Over a century of Irish art, specifically music, is woven into America’s social fabric. Nevertheless, it wasn’t until the 1980s that an Irish artist finally scored a number of hits on the American Billboard Top 100. Not even the greats, Van Morrison and Rory Gallagher, could top the chart mountain during their pomp and were instead ousted by a commercial powerhouse in U2.

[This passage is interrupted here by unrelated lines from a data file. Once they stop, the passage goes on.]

text \<open>Action of b \<in> B on B \<widehat>\<otimes> X (corresponds to b \<otimes> 1).\<close>
definition Bact :: "(complex \<Rightarrow> 'b::comm_ring_1) \<Rightarrow> 'b set \<Rightarrow> 'b
     \<Rightarrow> (('b \<Rightarrow> complex) \<Rightarrow> 'x::zero) \<Rightarrow> (('b \<Rightarrow> complex) \<Rightarrow> 'x)" where
  "Bact \<iota> m b T = (\<lambda>l. if l \<in> Bdual \<iota> m then T (\<lambda>b'. l (b * b')) else 0)"

text \<open>Canonical map X \<rightarrow> B \<widehat>\<otimes> X, x \<mapsto> 1 \<otimes> x.\<close>
definition emb :: "(complex \<Rightarrow> 'b::comm_ring_1) \<Rightarrow> 'b set \<Rightarrow> (complex \<Rightarrow> 'x::zero \<Rightarrow> 'x)
     \<Rightarrow> 'x \<Rightarrow> (('b \<Rightarrow> complex) \<Rightarrow> 'x)" where
  "emb \<iota> m sc x = (\<lambda>l. if l \<in> Bdual \<iota> m then sc (l 1) x else 0)"

definition resid :: "(complex \<Rightarrow> 'b::comm_ring_1) \<Rightarrow> 'b set \<Rightarrow> 'b \<Rightarrow> complex" where
  "resid \<iota> m b = (THE c. b - \<iota> c \<in> m)"

definition proj :: "(complex \<Rightarrow> 'b::comm_ring_1) \<Rightarrow> 'b set \<Rightarrow> (('b \<Rightarrow> complex) \<Rightarrow> 'x) \<Rightarrow> 'x" where
  "proj \<iota> m T = T (resid \<iota> m)"

text \<open>The m-adically convergent sum  \<Sum>_i b_i y_i  in B \<widehat>\<otimes> X (evaluated at each functional,
  only finitely many terms are nonzero when b_i \<in> m^{k_i}, k_i \<rightarrow> \<infinity>).\<close>
definition csum :: "(complex \<Rightarrow> 'b::comm_ring_1) \<Rightarrow> 'b set \<Rightarrow> (nat \<Rightarrow> 'b)
     \<Rightarrow> (nat \<Rightarrow> (('b \<Rightarrow> complex) \<Rightarrow> 'x::comm_monoid_add)) \<Rightarrow> (('b \<Rightarrow> complex) \<Rightarrow> 'x)" where
  "csum \<iota> m b y = (\<lambda>l. if l \<in> Bdual \<iota> m then
        (\<Sum>i\<in>{i. (\<lambda>b'. l (b i * b')) \<noteq> (\<lambda>_. 0)}. y i (\<lambda>b'. l (b i * b'))) else 0)"

definition adm :: "'b::comm_ring_1 set \<Rightarrow> nat \<Rightarrow> (nat \<Rightarrow> 'b) \<Rightarrow> bool" where
  "adm m j b \<longleftrightarrow> (\<exists>k :: nat \<Rightarrow> nat. filterlim k at_top sequentially \<and> (\<forall>i. j \<le> k i \<and> b i \<in> mpow m (k i)))"

definition BY :: "(complex \<Rightarrow> 'b::comm_ring_1) \<Rightarrow> 'b set \<Rightarrow> (('b \<Rightarrow> complex) \<Rightarrow> 'x::comm_monoid_add) set
     \<Rightarrow> (('b \<Rightarrow> complex) \<Rightarrow> 'x) set" where
  "BY \<iota> m Y = {csum \<iota> m b y | b y. adm m 0 b \<and> (\<forall>i. y i \<in> Y)}"
text \<open>Inclusion-exclusion over the maximal ideals: the alternating sum of the sizes of their
  intersections is the number of units, \<open>|W| \<Prod>(1 - |M|/|W|)\<close> by the Chinese remainder theorem.\<close>
lemma sum_Pow_card_Inter_maximal_W_ideals_ge:
  "real (card W) * (1 - 1 / real q) ^ card maximal_W_ideals
    \<le> (\<Sum>T\<in>Pow maximal_W_ideals. (-1) ^ card T * real (card (W \<inter> \<Inter>T)))"
proof -
  let ?ratio = "\<lambda>M. real (card M) / real (card W)"
  have "(\<Prod>M\<in>maximal_W_ideals. 1 - 1 / real q) \<le> (\<Prod>M\<in>maximal_W_ideals. - ?ratio M + 1)"
    using q_ge_2 by (intro prod_mono) (auto simp: card_maximal_W_ideal_div_le)
  also have "\<dots> = (\<Sum>T\<in>Pow maximal_W_ideals. (\<Prod>M\<in>T. - ?ratio M) * (\<Prod>M\<in>maximal_W_ideals - T. 1))"
    by (rule prod_add[OF finite_maximal_W_ideals])
  also have "\<dots> = (\<Sum>T\<in>Pow maximal_W_ideals. (-1) ^ card T * (\<Prod>M\<in>T. ?ratio M))"
    by (simp add: prod_uminus)
  finally have "real (card W) * (1 - 1 / real q) ^ card maximal_W_ideals
      \<le> real (card W) * (\<Sum>T\<in>Pow maximal_W_ideals. (-1) ^ card T * (\<Prod>M\<in>T. ?ratio M))"
    by (intro mult_left_mono) simp_all
  also have "\<dots> = (\<Sum>T\<in>Pow maximal_W_ideals. (-1) ^ card T * (real (card W) * (\<Prod>M\<in>T. ?ratio M)))"
    by (simp add: sum_distrib_left mult_ac)
  also have "\<dots> = (\<Sum>T\<in>Pow maximal_W_ideals. (-1) ^ card T * real (card (W \<inter> \<Inter>T)))"
    by (intro sum.cong refl) (simp add: card_Inter_maximal_W_ideals_eq)
  finally show ?thesis .
qed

Bono and his men topped the charts twice in 1987 with ‘I Still Haven’t Found What I’m Looking For’ and ‘With or Without You’ from their seminal album The Joshua Tree. Only two artists have joined U2 since that year. Sinéad O’Connor landed the top spot in ‘90, where she stayed for four weeks with ‘Nothing Compares 2 U’. Then it took 34 years for another artist to join them, when Hozier topped the charts in ‘24 with ‘Too Sweet’.

How did The Joshua Tree allow U2 to storm the American charts?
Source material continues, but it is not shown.